Data entries:
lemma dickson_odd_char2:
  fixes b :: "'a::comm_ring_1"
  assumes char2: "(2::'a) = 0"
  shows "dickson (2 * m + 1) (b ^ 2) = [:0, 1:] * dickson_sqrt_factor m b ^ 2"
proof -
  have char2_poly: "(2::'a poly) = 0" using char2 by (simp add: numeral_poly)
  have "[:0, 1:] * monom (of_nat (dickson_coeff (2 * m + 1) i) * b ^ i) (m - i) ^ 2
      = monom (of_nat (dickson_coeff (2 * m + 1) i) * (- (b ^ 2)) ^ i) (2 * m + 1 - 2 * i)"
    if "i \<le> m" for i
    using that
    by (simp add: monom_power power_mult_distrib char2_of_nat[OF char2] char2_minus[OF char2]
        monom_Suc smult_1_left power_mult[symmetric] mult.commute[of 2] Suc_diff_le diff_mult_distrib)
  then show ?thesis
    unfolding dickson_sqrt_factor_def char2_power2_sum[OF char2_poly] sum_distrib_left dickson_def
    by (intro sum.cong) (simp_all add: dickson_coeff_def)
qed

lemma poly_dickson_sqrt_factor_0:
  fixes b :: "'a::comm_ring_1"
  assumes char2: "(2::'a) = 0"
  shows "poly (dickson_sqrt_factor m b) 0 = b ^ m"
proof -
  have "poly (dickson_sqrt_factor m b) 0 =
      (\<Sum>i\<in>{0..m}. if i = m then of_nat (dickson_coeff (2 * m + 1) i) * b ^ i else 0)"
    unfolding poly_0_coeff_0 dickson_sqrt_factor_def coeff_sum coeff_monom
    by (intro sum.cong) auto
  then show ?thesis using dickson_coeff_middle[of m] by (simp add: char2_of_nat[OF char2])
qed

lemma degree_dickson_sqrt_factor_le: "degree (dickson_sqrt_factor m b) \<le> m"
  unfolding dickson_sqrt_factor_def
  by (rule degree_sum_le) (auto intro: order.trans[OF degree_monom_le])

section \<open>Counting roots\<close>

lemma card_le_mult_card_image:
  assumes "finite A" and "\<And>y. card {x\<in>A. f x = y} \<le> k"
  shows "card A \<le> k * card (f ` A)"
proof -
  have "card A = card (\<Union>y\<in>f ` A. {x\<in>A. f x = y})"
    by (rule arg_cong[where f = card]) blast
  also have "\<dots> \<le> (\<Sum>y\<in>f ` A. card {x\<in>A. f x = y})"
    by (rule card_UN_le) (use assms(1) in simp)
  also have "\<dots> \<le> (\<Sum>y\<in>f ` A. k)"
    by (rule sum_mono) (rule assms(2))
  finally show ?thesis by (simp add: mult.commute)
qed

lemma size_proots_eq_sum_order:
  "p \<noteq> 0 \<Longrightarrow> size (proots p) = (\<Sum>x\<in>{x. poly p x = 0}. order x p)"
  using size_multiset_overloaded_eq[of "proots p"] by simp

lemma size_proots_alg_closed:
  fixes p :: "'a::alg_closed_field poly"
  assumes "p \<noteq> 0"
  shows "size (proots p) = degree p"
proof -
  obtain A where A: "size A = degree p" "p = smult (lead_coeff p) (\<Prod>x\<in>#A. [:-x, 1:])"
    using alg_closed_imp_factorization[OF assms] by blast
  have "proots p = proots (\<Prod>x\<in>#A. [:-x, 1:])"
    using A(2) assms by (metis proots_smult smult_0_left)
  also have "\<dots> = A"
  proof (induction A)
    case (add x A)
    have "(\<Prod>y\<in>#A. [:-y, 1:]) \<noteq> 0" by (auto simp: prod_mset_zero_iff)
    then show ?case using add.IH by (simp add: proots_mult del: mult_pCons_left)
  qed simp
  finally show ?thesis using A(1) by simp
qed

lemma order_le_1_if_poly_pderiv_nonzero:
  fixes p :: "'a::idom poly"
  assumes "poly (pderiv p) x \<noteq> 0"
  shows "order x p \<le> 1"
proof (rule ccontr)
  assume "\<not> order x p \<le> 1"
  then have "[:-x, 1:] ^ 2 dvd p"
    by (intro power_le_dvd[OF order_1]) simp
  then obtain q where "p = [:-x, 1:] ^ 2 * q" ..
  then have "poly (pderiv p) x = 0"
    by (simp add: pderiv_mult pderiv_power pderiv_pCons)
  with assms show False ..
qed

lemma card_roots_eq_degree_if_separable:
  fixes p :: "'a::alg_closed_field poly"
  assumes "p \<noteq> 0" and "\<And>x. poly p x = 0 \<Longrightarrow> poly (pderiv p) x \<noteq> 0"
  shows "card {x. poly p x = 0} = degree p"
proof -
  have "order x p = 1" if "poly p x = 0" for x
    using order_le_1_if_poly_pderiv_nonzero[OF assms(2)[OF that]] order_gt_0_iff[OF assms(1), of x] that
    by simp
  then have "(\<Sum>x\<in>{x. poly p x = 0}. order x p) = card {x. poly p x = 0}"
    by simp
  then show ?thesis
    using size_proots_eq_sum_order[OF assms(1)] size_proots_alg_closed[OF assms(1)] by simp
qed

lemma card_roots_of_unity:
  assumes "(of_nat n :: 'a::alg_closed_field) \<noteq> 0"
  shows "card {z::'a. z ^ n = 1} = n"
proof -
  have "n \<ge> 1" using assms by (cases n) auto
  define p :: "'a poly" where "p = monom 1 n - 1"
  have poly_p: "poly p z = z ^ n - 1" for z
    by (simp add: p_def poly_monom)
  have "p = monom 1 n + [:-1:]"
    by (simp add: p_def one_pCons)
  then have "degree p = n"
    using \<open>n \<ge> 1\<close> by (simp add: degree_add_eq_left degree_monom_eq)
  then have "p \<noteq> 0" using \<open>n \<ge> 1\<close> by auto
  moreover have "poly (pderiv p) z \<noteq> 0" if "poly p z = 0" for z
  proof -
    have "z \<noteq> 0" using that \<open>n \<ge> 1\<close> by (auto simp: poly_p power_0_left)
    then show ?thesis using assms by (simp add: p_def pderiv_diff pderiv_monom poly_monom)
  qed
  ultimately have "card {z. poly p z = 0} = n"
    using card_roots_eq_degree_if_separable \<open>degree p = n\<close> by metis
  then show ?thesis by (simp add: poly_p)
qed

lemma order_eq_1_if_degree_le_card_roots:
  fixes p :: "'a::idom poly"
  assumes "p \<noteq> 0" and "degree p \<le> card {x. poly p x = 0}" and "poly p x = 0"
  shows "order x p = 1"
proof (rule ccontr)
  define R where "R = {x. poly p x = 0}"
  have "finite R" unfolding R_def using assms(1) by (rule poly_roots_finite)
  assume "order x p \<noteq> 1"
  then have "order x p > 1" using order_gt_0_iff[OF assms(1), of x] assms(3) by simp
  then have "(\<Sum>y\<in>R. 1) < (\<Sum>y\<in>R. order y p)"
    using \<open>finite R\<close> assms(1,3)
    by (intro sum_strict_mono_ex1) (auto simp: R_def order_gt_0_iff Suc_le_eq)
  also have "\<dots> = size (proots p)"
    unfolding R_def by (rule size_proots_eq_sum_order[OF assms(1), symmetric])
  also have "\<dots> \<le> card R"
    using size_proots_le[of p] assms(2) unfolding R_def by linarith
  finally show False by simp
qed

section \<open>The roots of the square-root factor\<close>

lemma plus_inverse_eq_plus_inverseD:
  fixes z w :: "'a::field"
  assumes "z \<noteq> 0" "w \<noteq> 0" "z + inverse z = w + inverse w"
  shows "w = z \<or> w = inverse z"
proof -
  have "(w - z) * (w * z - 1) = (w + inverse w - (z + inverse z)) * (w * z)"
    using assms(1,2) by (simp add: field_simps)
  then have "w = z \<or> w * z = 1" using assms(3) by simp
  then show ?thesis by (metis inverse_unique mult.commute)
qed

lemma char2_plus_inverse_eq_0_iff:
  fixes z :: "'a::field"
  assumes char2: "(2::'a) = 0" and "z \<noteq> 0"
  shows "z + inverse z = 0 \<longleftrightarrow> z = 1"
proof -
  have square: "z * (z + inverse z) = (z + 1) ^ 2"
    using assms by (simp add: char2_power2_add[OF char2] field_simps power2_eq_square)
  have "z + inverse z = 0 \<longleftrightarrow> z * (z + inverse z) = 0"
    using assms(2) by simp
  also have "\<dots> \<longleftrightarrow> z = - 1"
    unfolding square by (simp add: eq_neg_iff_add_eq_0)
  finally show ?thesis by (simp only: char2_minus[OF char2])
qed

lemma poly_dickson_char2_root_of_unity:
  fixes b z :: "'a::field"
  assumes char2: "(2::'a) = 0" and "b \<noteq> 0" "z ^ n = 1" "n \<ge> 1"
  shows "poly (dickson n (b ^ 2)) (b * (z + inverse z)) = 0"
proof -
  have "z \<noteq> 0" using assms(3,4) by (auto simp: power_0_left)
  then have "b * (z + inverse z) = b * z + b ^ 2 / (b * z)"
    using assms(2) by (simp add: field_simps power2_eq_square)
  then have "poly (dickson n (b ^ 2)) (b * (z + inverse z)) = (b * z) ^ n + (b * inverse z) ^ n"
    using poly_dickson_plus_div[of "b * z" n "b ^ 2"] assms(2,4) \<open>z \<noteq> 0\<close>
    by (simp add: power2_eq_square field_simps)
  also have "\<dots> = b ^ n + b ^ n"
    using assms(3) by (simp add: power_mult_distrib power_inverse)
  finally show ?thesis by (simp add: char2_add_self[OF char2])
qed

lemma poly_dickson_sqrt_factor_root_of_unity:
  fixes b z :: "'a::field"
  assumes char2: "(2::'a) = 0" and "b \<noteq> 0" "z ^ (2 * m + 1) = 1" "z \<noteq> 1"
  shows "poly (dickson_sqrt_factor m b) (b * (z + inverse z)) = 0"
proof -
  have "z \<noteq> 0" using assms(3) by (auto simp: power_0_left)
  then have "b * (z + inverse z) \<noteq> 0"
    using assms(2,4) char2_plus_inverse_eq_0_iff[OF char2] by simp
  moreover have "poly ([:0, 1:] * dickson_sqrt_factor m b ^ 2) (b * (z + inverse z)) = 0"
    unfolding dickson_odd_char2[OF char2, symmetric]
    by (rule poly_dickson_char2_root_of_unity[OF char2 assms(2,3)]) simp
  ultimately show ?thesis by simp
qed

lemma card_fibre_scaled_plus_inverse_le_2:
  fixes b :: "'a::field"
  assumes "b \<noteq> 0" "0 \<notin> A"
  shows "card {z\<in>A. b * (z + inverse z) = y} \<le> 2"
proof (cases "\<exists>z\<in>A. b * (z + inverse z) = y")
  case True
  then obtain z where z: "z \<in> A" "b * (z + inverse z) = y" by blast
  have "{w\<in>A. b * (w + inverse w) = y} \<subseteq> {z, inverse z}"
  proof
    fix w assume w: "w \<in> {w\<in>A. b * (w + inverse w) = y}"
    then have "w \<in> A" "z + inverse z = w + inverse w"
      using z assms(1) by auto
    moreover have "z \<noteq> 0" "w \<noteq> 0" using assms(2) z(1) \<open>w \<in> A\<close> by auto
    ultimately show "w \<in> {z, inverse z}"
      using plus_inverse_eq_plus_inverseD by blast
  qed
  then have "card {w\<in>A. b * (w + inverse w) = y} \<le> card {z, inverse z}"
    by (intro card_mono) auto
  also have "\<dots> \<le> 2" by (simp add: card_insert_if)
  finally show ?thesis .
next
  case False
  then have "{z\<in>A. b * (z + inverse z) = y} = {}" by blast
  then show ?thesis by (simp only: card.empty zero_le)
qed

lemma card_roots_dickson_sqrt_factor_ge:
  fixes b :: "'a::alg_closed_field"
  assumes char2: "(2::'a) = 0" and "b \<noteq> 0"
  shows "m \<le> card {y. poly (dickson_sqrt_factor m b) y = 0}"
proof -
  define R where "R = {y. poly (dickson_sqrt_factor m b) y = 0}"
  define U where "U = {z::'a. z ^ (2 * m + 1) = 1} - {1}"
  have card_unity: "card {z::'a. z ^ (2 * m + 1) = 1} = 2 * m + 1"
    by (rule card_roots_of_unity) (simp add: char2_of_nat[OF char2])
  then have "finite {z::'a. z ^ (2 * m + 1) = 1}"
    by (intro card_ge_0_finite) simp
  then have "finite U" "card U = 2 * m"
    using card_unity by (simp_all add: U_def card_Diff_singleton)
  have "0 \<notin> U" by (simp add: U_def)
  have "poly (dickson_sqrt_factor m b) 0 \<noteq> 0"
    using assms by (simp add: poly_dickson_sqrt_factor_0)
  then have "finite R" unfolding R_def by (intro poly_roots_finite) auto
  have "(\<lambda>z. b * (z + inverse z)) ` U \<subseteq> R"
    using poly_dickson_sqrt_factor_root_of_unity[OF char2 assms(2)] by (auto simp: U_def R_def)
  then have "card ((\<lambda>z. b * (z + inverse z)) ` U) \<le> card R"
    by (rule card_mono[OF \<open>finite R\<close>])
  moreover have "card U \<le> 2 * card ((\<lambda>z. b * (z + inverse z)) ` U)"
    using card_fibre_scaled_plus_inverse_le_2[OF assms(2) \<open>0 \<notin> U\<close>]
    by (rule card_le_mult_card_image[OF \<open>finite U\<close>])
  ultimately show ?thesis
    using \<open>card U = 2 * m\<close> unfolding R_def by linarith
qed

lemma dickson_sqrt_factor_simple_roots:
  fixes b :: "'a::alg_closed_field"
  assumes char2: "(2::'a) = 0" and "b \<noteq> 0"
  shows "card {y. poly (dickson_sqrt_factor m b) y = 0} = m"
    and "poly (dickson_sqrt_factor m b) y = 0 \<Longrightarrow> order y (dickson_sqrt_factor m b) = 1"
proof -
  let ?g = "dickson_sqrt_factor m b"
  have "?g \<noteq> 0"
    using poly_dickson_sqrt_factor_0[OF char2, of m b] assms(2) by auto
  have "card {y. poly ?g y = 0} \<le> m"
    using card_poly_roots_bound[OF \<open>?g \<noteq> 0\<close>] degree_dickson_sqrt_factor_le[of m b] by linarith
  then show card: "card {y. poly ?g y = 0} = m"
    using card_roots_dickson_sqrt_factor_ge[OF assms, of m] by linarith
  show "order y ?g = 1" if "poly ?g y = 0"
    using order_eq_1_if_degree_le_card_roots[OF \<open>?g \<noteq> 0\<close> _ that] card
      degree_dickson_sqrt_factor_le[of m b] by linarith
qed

REQUIREMENT: Your output should consist solely of the lines from the beginning of the entries through the line containing "by (rule arg_cong[where f = card]) blast", reproduced exactly.

ANSWER TO THIS EXERCISE:
lemma dickson_odd_char2:
  fixes b :: "'a::comm_ring_1"
  assumes char2: "(2::'a) = 0"
  shows "dickson (2 * m + 1) (b ^ 2) = [:0, 1:] * dickson_sqrt_factor m b ^ 2"
proof -
  have char2_poly: "(2::'a poly) = 0" using char2 by (simp add: numeral_poly)
  have "[:0, 1:] * monom (of_nat (dickson_coeff (2 * m + 1) i) * b ^ i) (m - i) ^ 2
      = monom (of_nat (dickson_coeff (2 * m + 1) i) * (- (b ^ 2)) ^ i) (2 * m + 1 - 2 * i)"
    if "i \<le> m" for i
    using that
    by (simp add: monom_power power_mult_distrib char2_of_nat[OF char2] char2_minus[OF char2]
        monom_Suc smult_1_left power_mult[symmetric] mult.commute[of 2] Suc_diff_le diff_mult_distrib)
  then show ?thesis
    unfolding dickson_sqrt_factor_def char2_power2_sum[OF char2_poly] sum_distrib_left dickson_def
    by (intro sum.cong) (simp_all add: dickson_coeff_def)
qed

lemma poly_dickson_sqrt_factor_0:
  fixes b :: "'a::comm_ring_1"
  assumes char2: "(2::'a) = 0"
  shows "poly (dickson_sqrt_factor m b) 0 = b ^ m"
proof -
  have "poly (dickson_sqrt_factor m b) 0 =
      (\<Sum>i\<in>{0..m}. if i = m then of_nat (dickson_coeff (2 * m + 1) i) * b ^ i else 0)"
    unfolding poly_0_coeff_0 dickson_sqrt_factor_def coeff_sum coeff_monom
    by (intro sum.cong) auto
  then show ?thesis using dickson_coeff_middle[of m] by (simp add: char2_of_nat[OF char2])
qed

lemma degree_dickson_sqrt_factor_le: "degree (dickson_sqrt_factor m b) \<le> m"
  unfolding dickson_sqrt_factor_def
  by (rule degree_sum_le) (auto intro: order.trans[OF degree_monom_le])

section \<open>Counting roots\<close>

lemma card_le_mult_card_image:
  assumes "finite A" and "\<And>y. card {x\<in>A. f x = y} \<le> k"
  shows "card A \<le> k * card (f ` A)"
proof -
  have "card A = card (\<Union>y\<in>f ` A. {x\<in>A. f x = y})"
    by (rule arg_cong[where f = card]) blast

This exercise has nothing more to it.